■ DATASET EXCERPTS:

-------

(* Let $Z_t$ be a real-valued random variable with bounded density $f_{Z_t}$, let $V_t,U_t:\mathbb{R}\to\mathbb{R}$, $X_t=V_t(Z_t)^+$, $Y_t=U_t(Z_t)^+$, and let $Z_t^1,\dots,Z_t^n$ be i.i.d. copies of $Z_t$ with $\mathbf{X}_t=(X_t^i)_{i=1}^n$, $\mathbf{Y}_t=(Y_t^i)_{i=1}^n$, $X_t^i=V_t(Z_t^i)^+$, $Y_t^i=U_t(Z_t^i)^+$. Let $1\le p<\infty$ and $\eta\in(0,1]$. Then with probability at least $1-\eta$: (a) for any law-invariant exposure measure $\rho$, \[|\widehat\rho(\mathbf{X}_t)-\widehat\rho(\mathbf{Y}_t)|\le\left(\frac{\Vert f_{Z_t}\Vert_\infty}{\eta}\right)^{1/p}n^{1/p}\Vert V_t-U_t\Vert_{L^p(\mathbb{R})};\] (b) for any quantile-based exposure measure $\rho_m$ with $m$ absolutely continuous with density $f_m$, and $1/p+1/q=1$, \[|\widehat\rho_m(\mathbf{X}_t)-\widehat\rho_m(\mathbf{Y}_t)|\le\Vert f_m\Vert_{L^q(0,1)}\Vert f_{Z_t}\Vert_\infty^{1/p}\Vert V_t-U_t\Vert_{L^p(\mathbb{R})}+\sqrt[2p]{\frac{-\ln\eta}{n}}\,\Vert f_m\Vert_{L^q(0,1)}\Vert V_t-U_t\Vert_\infty.\]
   Context: $x^+=\max\{x,0\}$. An exposure measure is a monotone, cash-additive ($\rho(X+c)=\rho(X)+c$) map from random variables on an atomless probability space to $\mathbb{R}\cup\{\infty\}$; law-invariant means $\rho(X)=\rho(F_X)$ depends only on the distribution. For a sample $\mathbf{x}=(x^i)_{i=1}^n$, $\widehat\rho(\mathbf{x})=\rho(F_{\mathbf{x}})$ with $F_{\mathbf{x}}(x)=\frac1n\sum_i\mathbb{1}_{\{x\ge x^i\}}$. The quantile function is $Q_X(u)=\inf\{x:F_X(x)\ge u\}$, and for a probability measure $m$ on $(0,1)$ the quantile-based exposure measure is $\rho_m(X)=\int_0^1Q_X(u)\,m(du)$, with empirical estimator $\widehat\rho_m(\mathbf{x})=\sum_{i=1}^nw_{n,i}x^{(i)}$, where $x^{(i)}$ is the $i$-th smallest element of the sample, $w_{n,i}=m\left(\left(\frac{i-1}{n},\frac in\right]\right)$ for $i<n$ and $w_{n,n}=m\left(\left(\frac{n-1}{n},1\right)\right)$. $\Vert\cdot\Vert_\infty$ is the supremum norm. *)

theory Defs
  imports "HOL-Probability.Probability"
begin
lemma similar_common_mod2_kernel:
  fixes B :: "int ^ 'n ^ 'n"
  assumes "\<bar>det B\<bar> = 2"
  shows "\<exists>A w p. int_similar B A \<and> w $ p = 1 \<and> even_vec (A *v w) \<and> even_vec (transpose A *v w)"
proof -
  obtain A1 p where B_A1: "int_similar B A1" and A1p: "even_vec (A1 *v axis p 1)"
    using similar_mod2_kernel_axis[OF assms] by blast
  have "\<bar>det (transpose A1)\<bar> = 2"
    using assms int_similar_det[OF B_A1] by simp
  then obtain v r0 where A1v: "even_vec (transpose A1 *v v)" and "odd (v $ r0)"
    using abs_det_two_mod2_kernel by blast
  define r where "r = (if odd (v $ p) then p else r0)"
  have "odd (v $ r)" and "r = p \<or> even (v $ p)"
    using \<open>odd (v $ r0)\<close> by (auto simp: r_def)
  then obtain A2 where A1_A2: "int_similar A1 A2"
    and A2p: "even_vec (A2 *v axis p 1)" and A2r: "even_vec (transpose A2 *v axis r 1)"
    using similar_mod2_kernel_cokernel_axes[OF A1p A1v] by blast
  show ?thesis
  proof (cases "r = p")
    case True
    then show ?thesis
      using int_similar_trans[OF B_A1 A1_A2] A2p A2r by (metis axis_nth)
  next
    case False
    then obtain A3 where "int_similar A2 A3" and "even_vec (A3 *v (axis p 1 + axis r 1))"
      and "even_vec (transpose A3 *v (axis p 1 + axis r 1))"
      using similar_mod2_kernel_merge_axes[OF _ A2p A2r] by blast
    moreover have "(axis p 1 + axis r 1 :: int ^ 'n) $ p = 1"
      using False by (simp add: axis_def)
    ultimately show ?thesis
      using int_similar_trans[OF int_similar_trans[OF B_A1 A1_A2]] by blast
  qed
qed

definition parity_kernel :: "int ^ 'n \<Rightarrow> (int ^ 'n) set" where
  "parity_kernel r = {y. even (int_circ r y)}"
lemma cycle_edges_neighbour:
  assumes "distinct ws" "0 < j" "Suc j < length ws" "{ws ! j, b} \<in> cycle_edges ws"
  shows "b = ws ! Suc j \<or> b = ws ! (j - 1)"
proof -
  obtain i where i: "i < length ws" and e: "{ws ! j, b} = {ws ! i, ws ! (Suc i mod length ws)}"
    using assms(4) unfolding cycle_edges_def by auto
  have i': "Suc i mod length ws < length ws" using i by (rule Suc_mod_less)
  have j: "j < length ws" using assms(3) by simp
  consider "ws ! j = ws ! i" "b = ws ! (Suc i mod length ws)"
    | "ws ! j = ws ! (Suc i mod length ws)" "b = ws ! i"
    using e by (auto simp: doubleton_eq_iff)
  then show ?thesis
  proof cases
    case 1
    then have "i = j" using assms(1) i j nth_eq_iff_index_eq by metis
    then show ?thesis using 1 assms(3) by simp
  next
    case 2
    then have "Suc i mod length ws = j" using assms(1) i' j nth_eq_iff_index_eq by metis
    then have "i = j - 1" using assms(2) i by (cases "Suc i = length ws") auto
    then show ?thesis using 2 by simp
  qed
qed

-------

■ ASSIGNMENT:
Retype all of the entries. Keep each one exactly as written.

■ REPLY:
(* Let $Z_t$ be a real-valued random variable with bounded density $f_{Z_t}$, let $V_t,U_t:\mathbb{R}\to\mathbb{R}$, $X_t=V_t(Z_t)^+$, $Y_t=U_t(Z_t)^+$, and let $Z_t^1,\dots,Z_t^n$ be i.i.d. copies of $Z_t$ with $\mathbf{X}_t=(X_t^i)_{i=1}^n$, $\mathbf{Y}_t=(Y_t^i)_{i=1}^n$, $X_t^i=V_t(Z_t^i)^+$, $Y_t^i=U_t(Z_t^i)^+$. Let $1\le p<\infty$ and $\eta\in(0,1]$. Then with probability at least $1-\eta$: (a) for any law-invariant exposure measure $\rho$, \[|\widehat\rho(\mathbf{X}_t)-\widehat\rho(\mathbf{Y}_t)|\le\left(\frac{\Vert f_{Z_t}\Vert_\infty}{\eta}\right)^{1/p}n^{1/p}\Vert V_t-U_t\Vert_{L^p(\mathbb{R})};\] (b) for any quantile-based exposure measure $\rho_m$ with $m$ absolutely continuous with density $f_m$, and $1/p+1/q=1$, \[|\widehat\rho_m(\mathbf{X}_t)-\widehat\rho_m(\mathbf{Y}_t)|\le\Vert f_m\Vert_{L^q(0,1)}\Vert f_{Z_t}\Vert_\infty^{1/p}\Vert V_t-U_t\Vert_{L^p(\mathbb{R})}+\sqrt[2p]{\frac{-\ln\eta}{n}}\,\Vert f_m\Vert_{L^q(0,1)}\Vert V_t-U_t\Vert_\infty.\]
   Context: $x^+=\max\{x,0\}$. An exposure measure is a monotone, cash-additive ($\rho(X+c)=\rho(X)+c$) map from random variables on an atomless probability space to $\mathbb{R}\cup\{\infty\}$; law-invariant means $\rho(X)=\rho(F_X)$ depends only on the distribution. For a sample $\mathbf{x}=(x^i)_{i=1}^n$, $\widehat\rho(\mathbf{x})=\rho(F_{\mathbf{x}})$ with $F_{\mathbf{x}}(x)=\frac1n\sum_i\mathbb{1}_{\{x\ge x^i\}}$. The quantile function is $Q_X(u)=\inf\{x:F_X(x)\ge u\}$, and for a probability measure $m$ on $(0,1)$ the quantile-based exposure measure is $\rho_m(X)=\int_0^1Q_X(u)\,m(du)$, with empirical estimator $\widehat\rho_m(\mathbf{x})=\sum_{i=1}^nw_{n,i}x^{(i)}$, where $x^{(i)}$ is the $i$-th smallest element of the sample, $w_{n,i}=m\left(\left(\frac{i-1}{n},\frac in\right]\right)$ for $i<n$ and $w_{n,n}=m\left(\left(\frac{n-1}{n},1\right)\right)$. $\Vert\cdot\Vert_\infty$ is the supremum norm. *)

theory Defs
  imports "HOL-Probability.Probability"
begin
lemma similar_common_mod2_kernel:
  fixes B :: "int ^ 'n ^ 'n"
  assumes "\<bar>det B\<bar> = 2"
  shows "\<exists>A w p. int_similar B A \<and> w $ p = 1 \<and> even_vec (A *v w) \<and> even_vec (transpose A *v w)"
proof -
  obtain A1 p where B_A1: "int_similar B A1" and A1p: "even_vec (A1 *v axis p 1)"
    using similar_mod2_kernel_axis[OF assms] by blast
  have "\<bar>det (transpose A1)\<bar> = 2"
    using assms int_similar_det[OF B_A1] by simp
  then obtain v r0 where A1v: "even_vec (transpose A1 *v v)" and "odd (v $ r0)"
    using abs_det_two_mod2_kernel by blast
  define r where "r = (if odd (v $ p) then p else r0)"
  have "odd (v $ r)" and "r = p \<or> even (v $ p)"
    using \<open>odd (v $ r0)\<close> by (auto simp: r_def)
  then obtain A2 where A1_A2: "int_similar A1 A2"
    and A2p: "even_vec (A2 *v axis p 1)" and A2r: "even_vec (transpose A2 *v axis r 1)"
    using similar_mod2_kernel_cokernel_axes[OF A1p A1v] by blast
  show ?thesis
  proof (cases "r = p")
    case True
    then show ?thesis
      using int_similar_trans[OF B_A1 A1_A2] A2p A2r by (metis axis_nth)
  next
    case False
    then obtain A3 where "int_similar A2 A3" and "even_vec (A3 *v (axis p 1 + axis r 1))"
      and "even_vec (transpose A3 *v (axis p 1 + axis r 1))"
      using similar_mod2_kernel_merge_axes[OF _ A2p A2r] by blast
    moreover have "(axis p 1 + axis r 1 :: int ^ 'n) $ p = 1"
      using False by (simp add: axis_def)
    ultimately show ?thesis
      using int_similar_trans[OF int_similar_trans[OF B_A1 A1_A2]] by blast
  qed
qed

definition parity_kernel :: "int ^ 'n \<Rightarrow> (int ^ 'n) set" where
  "parity_kernel r = {y. even (int_circ r y)}"
lemma cycle_edges_neighbour:
  assumes "distinct ws" "0 < j" "Suc j < length ws" "{ws ! j, b} \<in> cycle_edges ws"
  shows "b = ws ! Suc j \<or> b = ws ! (j - 1)"
proof -
  obtain i where i: "i < length ws" and e: "{ws ! j, b} = {ws ! i, ws ! (Suc i mod length ws)}"
    using assms(4) unfolding cycle_edges_def by auto
  have i': "Suc i mod length ws < length ws" using i by (rule Suc_mod_less)
  have j: "j < length ws" using assms(3) by simp
  consider "ws ! j = ws ! i" "b = ws ! (Suc i mod length ws)"
    | "ws ! j = ws ! (Suc i mod length ws)" "b = ws ! i"
    using e by (auto simp: doubleton_eq_iff)
  then show ?thesis
  proof cases
    case 1
    then have "i = j" using assms(1) i j nth_eq_iff_index_eq by metis
    then show ?thesis using 1 assms(3) by simp
  next
    case 2
    then have "Suc i mod length ws = j" using assms(1) i' j nth_eq_iff_index_eq by metis
    then have "i = j - 1" using assms(2) i by (cases "Suc i = length ws") auto
    then show ?thesis using 2 by simp
  qed
qed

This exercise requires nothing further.